The film begins in approximately 75 BC, with Spartacus (Kirk Douglas) slaving in a North African mine. His physique and fighting spirit catches the eye of a slave trader, who brings him to Italy to become a gladiator.
Believe it or not, gladiator school is a huge promotion over the mines. But Spartacus is not exactly grateful. Before too long, he overthrows the school by force.
Director Stanley Kubrick takes three leisurely hours following Spartacus’s march around southern Italy, liberating slaves everywhere he goes and thumbing his nose at the Roman establishment.
The problem with this movie is simple: Kirk Douglas’s lackluster performance. As a slave, Spartacus seethes with rebellious rage. As a freedman, he goes soft. You simply don’t believe that this boring guy led history’s greatest slave rebellion. Every time he’s on camera, cheesy music plays on the soundtrack and I considered hitting fast forward.

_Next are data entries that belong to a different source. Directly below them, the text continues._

lemma hurwitz_stable_multcol:
  fixes B :: "real mat"
  assumes B: "B \<in> carrier_mat k k" and j: "j < k"
    and P0: "P0_minus B" and dB: "det B \<noteq> 0"
    and stable: "hurwitz_stable (mat_delete B j j)"
  obtains e where "e > 0" "hurwitz_stable (multcol j e B)"
proof -
  define p q where "p = cchar_poly (mat_delete B j j)" and "q = cchar_poly B"
  have C: "mat_delete B j j \<in> carrier_mat (k - 1) (k - 1)" by (rule mat_delete_carrier[OF B])
  have p_nz: "poly p z \<noteq> 0" if "0 \<le> Re z" for z
    using stable that eigenvalue_of_real_iff_root[OF C] unfolding hurwitz_stable_def p_def by force
  then have "det (mat_delete B j j) \<noteq> 0"
    using poly_cchar_poly_0[OF C] by (force simp: p_def)
  then have "det B / det (mat_delete B j j) < 0"
    using P0_minus_det_mult_det_delete_neg[OF P0 B j dB] by (simp add: divide_less_0_iff mult_less_0_iff)
  then have q0: "Re (poly q 0 / poly p 0) > 0"
    using Re_cchar_poly_ratio_at_0[OF B j] by (simp add: p_def q_def)
  note char = poly_cchar_poly_multcol[OF B j, folded p_def q_def]
  have bound: "cmod z \<le> (\<Sum>i<k. \<Sum>l<k. \<bar>B $$ (i,l)\<bar>)"
    if "0 < e" "e \<le> 1" "(1 - complex_of_real e) * (z * poly p z) + complex_of_real e * poly q z = 0" for e z
    using root_cchar_poly_multcol_bound[OF B, of e j z] that char by simp
  obtain e :: real where e: "0 < e" "e \<le> 1" and roots: "\<And>z. (1 - complex_of_real e) * (z * poly p z)
      + complex_of_real e * poly q z = 0 \<Longrightarrow> Re z < 0"
    using perturbed_roots_in_left_halfplane[of p q "\<Sum>i<k. \<Sum>l<k. \<bar>B $$ (i,l)\<bar>"] p_nz q0 bound
    by blast
  have "multcol j e B \<in> carrier_mat k k" using B by auto
  then have "hurwitz_stable (multcol j e B)"
    unfolding hurwitz_stable_def using roots eigenvalue_of_real_iff_root char by metis
  with e that show ?thesis by blast
qed

lemma inertia_positive_eq_0_iff:
  assumes B: "B \<in> carrier_mat k k"
  shows "fst (snd (inertia B)) = 0 \<longleftrightarrow> \<not> hurwitz_unstable B"
proof -
  let ?q = "cchar_poly B"
  have "?q \<noteq> 0"
    using degree_monic_char_poly[of "map_mat complex_of_real B" k] B by (auto simp: cchar_poly_def)
  then have "finite {z. poly ?q z = 0 \<and> Re z > 0}"
    by (rule finite_subset[rotated, OF poly_roots_finite]) auto
  then have "fst (snd (inertia B)) = 0 \<longleftrightarrow> (\<forall>z. poly ?q z = 0 \<and> Re z > 0 \<longrightarrow> order z ?q = 0)"
    unfolding inertia_def Let_def by simp
  also have "\<dots> \<longleftrightarrow> \<not> hurwitz_unstable B"
    using \<open>?q \<noteq> 0\<close> order_root[of ?q] eigenvalue_of_real_iff_root[OF B]
    unfolding hurwitz_unstable_def by auto
  finally show ?thesis .
qed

In contrast, Spartacus’s adversaries are funny and entertaining. The Roman characters are so intelligent and interesting that it seems to contradict the film’s pro-slave message.
The real star of “Spartacus” is Laurence Olivier, who plays Crassus. Crassus was a real estate tycoon and the richest man of his time.
Crassus is an unexpectedly three-dimensional villain. In one famous scene, Crassus makes a convincing defense of bisexuality to his slave as he hits on him. The slave (Tony Curtis) is unconvinced, and promptly runs away to join the rebels.
The curse of the Roman Republic was that great men like Crassus weren’t content with mere riches and luxury. Aristocrats craved dignitas, which could only be achieved by winning elections or on the battlefield.
At one point, Crassus turns to his young protégé Julius Caesar and calmly observes that he is more frightened of Caesar than Spartacus. And, of course, he is right to be. Ambitious patricians and their armies of loyal soldiers were a clear and present danger to the Republic.
“Spartacus” shows us how the Republic fell. Only a few generations later, Romans were willing to accept a tyrannical Emperor for life because they were so sick of self-assertive Senators and their rampaging private legions.
“Spartacus” has some good characters and some substance. But it doesn’t come together into a coherent or focused finished product.
The movie’s main message – that slavery is inherently evil – is both poorly argued and completely obvious. Stanley Kubrick later disowned the film, claiming that the studio edited it poorly without his input.